## Task description
Search the data for the word "metis" and copy each line that has it.

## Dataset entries

********

text \<open>An increasing path given as the nonempty list of its vertices v_0,...,v_k; its length is k.\<close>
definition increasing_path :: "nat \<Rightarrow> ((nat \<Rightarrow> int) \<Rightarrow> int) \<Rightarrow> (nat \<Rightarrow> int) list \<Rightarrow> bool" where
  "increasing_path m g vs \<longleftrightarrow> vs \<noteq> [] \<and> set vs \<subseteq> cube m \<and>
     (\<forall>j. j + 1 < length vs \<longrightarrow> adj m (vs ! j) (vs ! (j+1)) \<and> g (vs ! j) < g (vs ! (j+1)))"

definition local_max :: "nat \<Rightarrow> ((nat \<Rightarrow> int) \<Rightarrow> int) \<Rightarrow> (nat \<Rightarrow> int) \<Rightarrow> bool" where
  "local_max m g v \<longleftrightarrow> v \<in> cube m \<and> (\<forall>w. adj m v w \<longrightarrow> g w \<le> g v)"

definition p :: "nat \<Rightarrow> nat" where
  "p n = Min {length vs - 1 | vs. increasing_path n (f n) vs \<and> hd vs = (\<lambda>_. 0)
                                   \<and> local_max n (f n) (last vs)}"

end

theory Submission imports Defs begin

text \<open>Write f(n+4) as f(n) of the low coordinates plus an extra term that depends on the low
  coordinates only through their sum S.  Along an increasing path from the origin the four new
  coordinates are switched on one at a time and in order, the first only when the low part is all
  ones and the third only when it is all zeros.  As M(n) exceeds the oscillation of f(n), a low flip
  that moves S the wrong way never pays: after the first switch the low part stays all ones and
  after the third it stays all zeros.  Before the first and after the fourth switch the extra term
  does not depend on S, so there the low part itself performs an increasing path of f(n).  By
  induction on n the all-ones vertex is the only local maximum reachable from the origin; hence an
  increasing path of f(n+4) from the origin to a local maximum contains two increasing paths of f(n)
  from the origin to a local maximum, one before the first switch and one after the last.\<close>

declare fk.simps(2) [simp del]

section \<open>The cube and increasing paths\<close>

definition flip :: "nat \<Rightarrow> (nat \<Rightarrow> int) \<Rightarrow> nat \<Rightarrow> int" where
  "flip i v = v(i := 1 - v i)"

definition ones :: "nat \<Rightarrow> nat \<Rightarrow> int" where
  "ones m = (\<lambda>i. if i < m then 1 else 0)"

lemma cube_coord: "v \<in> cube m \<Longrightarrow> v i = 0 \<or> v i = 1"
  by (cases "i < m") (auto simp: cube_def)

lemma cube_coord_outside: "v \<in> cube m \<Longrightarrow> m \<le> i \<Longrightarrow> v i = 0"
  by (simp add: cube_def)

lemma finite_cube: "finite (cube m)"
proof -
  have "cube m \<subseteq> (\<lambda>A i. if i \<in> A then 1 else 0) ` Pow {..<m}"
  proof
    fix x assume x: "x \<in> cube m"
    have "x i = (if i \<in> {i. i < m \<and> x i = 1} then 1 else 0)" for i
      using cube_coord[OF x, of i] cube_coord_outside[OF x, of i] by auto
    then show "x \<in> (\<lambda>A i. if i \<in> A then 1 else 0) ` Pow {..<m}" by blast
  qed
  then show ?thesis by (rule finite_subset) auto
qed

lemma zero_in_cube: "(\<lambda>_. 0) \<in> cube m"
  by (simp add: cube_def)

lemma ones_in_cube: "ones m \<in> cube m"
  by (simp add: cube_def ones_def)

lemma flip_in_cube: "v \<in> cube m \<Longrightarrow> i < m \<Longrightarrow> flip i v \<in> cube m"
  by (auto simp: cube_def flip_def)

lemma adj_iff_flip: "adj m v w \<longleftrightarrow> v \<in> cube m \<and> (\<exists>i<m. w = flip i v)"
proof
  assume "adj m v w"
  then have cubes: "v \<in> cube m" "w \<in> cube m" and "card {i. v i \<noteq> w i} = 1"
    by (auto simp: adj_def)
  then obtain i where "{j. v j \<noteq> w j} = {i}" by (metis card_1_singletonE)
  then have differ: "v j \<noteq> w j \<longleftrightarrow> j = i" for j by (simp add: set_eq_iff)
  have "i < m"
  proof (rule ccontr)
    assume "\<not> i < m"
    then have "v i = w i"
      using cube_coord_outside[OF cubes(1), of i] cube_coord_outside[OF cubes(2), of i] by simp
    then show False using differ[of i] by simp
  qed
  moreover have "w = flip i v"
  proof
    fix j
    show "w j = flip i v j"
    proof (cases "j = i")
      case True
      then show ?thesis using differ[of i] cube_coord[OF cubes(1), of i] cube_coord[OF cubes(2), of i]
        by (auto simp: flip_def)
    next
      case False
      then show ?thesis using differ[of j] by (simp add: flip_def)
    qed
  qed
  ultimately show "v \<in> cube m \<and> (\<exists>i<m. w = flip i v)" using cubes by blast
next
  assume "v \<in> cube m \<and> (\<exists>i<m. w = flip i v)"
  then obtain i where v: "v \<in> cube m" and i: "i < m" "w = flip i v" by blast
  moreover have "v i \<noteq> 1 - v i" using cube_coord[OF v, of i] by auto
  ultimately have "{j. v j \<noteq> w j} = {i}" by (auto simp: flip_def)
  then show "adj m v w" using v i flip_in_cube by (simp add: adj_def)
qed

lemma adj_flip: "v \<in> cube m \<Longrightarrow> i < m \<Longrightarrow> adj m v (flip i v)"
  by (auto simp: adj_iff_flip)

lemma local_max_iff_flip:
  "local_max m g v \<longleftrightarrow> v \<in> cube m \<and> (\<forall>i<m. g (flip i v) \<le> g v)"
  by (auto simp: local_max_def adj_iff_flip)

lemma successively_iff_nth:
  "successively P xs \<longleftrightarrow> (\<forall>j. j + 1 < length xs \<longrightarrow> P (xs ! j) (xs ! (j+1)))"
proof (induction xs)
  case (Cons x xs)
  have "(\<forall>j. j + 1 < length (x # xs) \<longrightarrow> P ((x # xs) ! j) ((x # xs) ! (j+1))) \<longleftrightarrow>
      (xs \<noteq> [] \<longrightarrow> P x (hd xs)) \<and> (\<forall>j. j + 1 < length xs \<longrightarrow> P (xs ! j) (xs ! (j+1)))"
    by (auto simp: hd_conv_nth nth_Cons split: nat.split)
  then show ?case using Cons.IH by (auto simp: successively_Cons)
qed simp

lemma increasing_path_iff_successively:
  "increasing_path m g vs \<longleftrightarrow>
     vs \<noteq> [] \<and> set vs \<subseteq> cube m \<and> successively (\<lambda>v w. adj m v w \<and> g v < g w) vs"
  by (simp add: increasing_path_def successively_iff_nth)

definition ascent ::
    "nat \<Rightarrow> ((nat \<Rightarrow> int) \<Rightarrow> int) \<Rightarrow> (nat \<Rightarrow> int) \<Rightarrow> (nat \<Rightarrow> int) list \<Rightarrow> bool" where
  "ascent m g u vs \<longleftrightarrow> increasing_path m g vs \<and> hd vs = (\<lambda>_. 0) \<and> last vs = u"

lemma ascent_origin: "ascent m g (\<lambda>_. 0) [\<lambda>_. 0]"
  by (simp add: ascent_def increasing_path_def zero_in_cube)

lemma increasing_path_snoc:
  "vs \<noteq> [] \<Longrightarrow> increasing_path m g (vs @ [w]) \<longleftrightarrow>
     increasing_path m g vs \<and> adj m (last vs) w \<and> g (last vs) < g w"
  by (auto simp: increasing_path_iff_successively successively_append_iff adj_def)

lemma ascent_snoc:
  assumes "ascent m g u vs" "adj m u w" "g u < g w"
  shows "ascent m g w (vs @ [w])"
proof -
  have "vs \<noteq> []" using assms(1) by (simp add: ascent_def increasing_path_def)
  then show ?thesis using assms by (simp add: ascent_def increasing_path_snoc hd_append2)
qed

lemma ascent_induct [consumes 1, case_names origin snoc]:
  assumes "ascent m g u vs"
    and base: "P (\<lambda>_. 0) [\<lambda>_. 0]"
    and step: "\<And>u vs w. ascent m g u vs \<Longrightarrow> P u vs \<Longrightarrow> adj m u w \<Longrightarrow> g u < g w
      \<Longrightarrow> P w (vs @ [w])"
  shows "P u vs"
  using assms(1)
proof (induction vs arbitrary: u rule: rev_induct)
  case Nil
  then show ?case by (simp add: ascent_def increasing_path_def)
next
  case (snoc w vs)
  show ?case
  proof (cases "vs = []")
    case True
    then show ?thesis using snoc.prems base by (auto simp: ascent_def)
  next
    case False
    then have "ascent m g (last vs) vs" "adj m (last vs) w" "g (last vs) < g w" "u = w"
      using snoc.prems by (auto simp: ascent_def increasing_path_snoc)
    then show ?thesis using snoc.IH step by blast
  qed
qed

lemma ascent_in_cube: "ascent m g u vs \<Longrightarrow> u \<in> cube m"
  by (auto simp: ascent_def increasing_path_def)

lemma ascent_distinct: "ascent m g u vs \<Longrightarrow> distinct vs \<and> (\<forall>v\<in>set vs. g v \<le> g u)"
proof (induction rule: ascent_induct)
  case (snoc u vs w)
  then have "w \<notin> set vs" by force
  then show ?case using snoc.IH snoc.hyps(3) by fastforce
qed simp

lemma ascent_length_le_card: "ascent m g u vs \<Longrightarrow> length vs \<le> card (cube m)"
proof -
  assume vs: "ascent m g u vs"
  then have "length vs = card (set vs)" using ascent_distinct distinct_card by metis
  also have "\<dots> \<le> card (cube m)"
    using vs finite_cube by (intro card_mono) (auto simp: ascent_def increasing_path_def)
  finally show ?thesis .
qed

text \<open>A vertex of maximal value among those reachable from the origin is a local maximum.\<close>
lemma ex_ascent_local_max: "\<exists>u vs. ascent m g u vs \<and> local_max m g u"
proof -
  define R where "R = {u. \<exists>vs. ascent m g u vs}"
  have "finite R" by (rule finite_subset[OF _ finite_cube]) (auto simp: R_def dest: ascent_in_cube)
  moreover have "R \<noteq> {}" using ascent_origin by (auto simp: R_def)
  ultimately obtain u where u: "u \<in> R" "g u = Max (g ` R)"
    by (metis (mono_tags, lifting) Max_in finite_imageI image_iff image_is_empty)
  have "local_max m g u"
    unfolding local_max_def
  proof (intro conjI allI impI)
    show "u \<in> cube m" using u ascent_in_cube by (auto simp: R_def)
    fix w assume "adj m u w"
    then have "g w \<le> g u \<or> w \<in> R" using u(1) ascent_snoc by (force simp: R_def)
    then show "g w \<le> g u" using u \<open>finite R\<close> by auto
  qed
  then show ?thesis using u(1) by (auto simp: R_def)
qed

lemma finite_local_max_path_lengths:
  "finite {length vs - 1 | vs. increasing_path m g vs \<and> hd vs = (\<lambda>_. 0) \<and> local_max m g (last vs)}"
    (is "finite ?S")
proof (rule finite_subset)
  show "?S \<subseteq> {..card (cube m)}"
  proof
    fix x assume "x \<in> ?S"
    then obtain vs where "x = length vs - 1" "increasing_path m g vs" "hd vs = (\<lambda>_. 0)" by blast
    then show "x \<in> {..card (cube m)}"
      using ascent_length_le_card[of m g "last vs" vs] by (simp add: ascent_def)
  qed
qed simp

********

## Exercise response
  then obtain i where "{j. v j \<noteq> w j} = {i}" by (metis card_1_singletonE)
  then have "length vs = card (set vs)" using ascent_distinct distinct_card by metis
    by (metis (mono_tags, lifting) Max_in finite_imageI image_iff image_is_empty)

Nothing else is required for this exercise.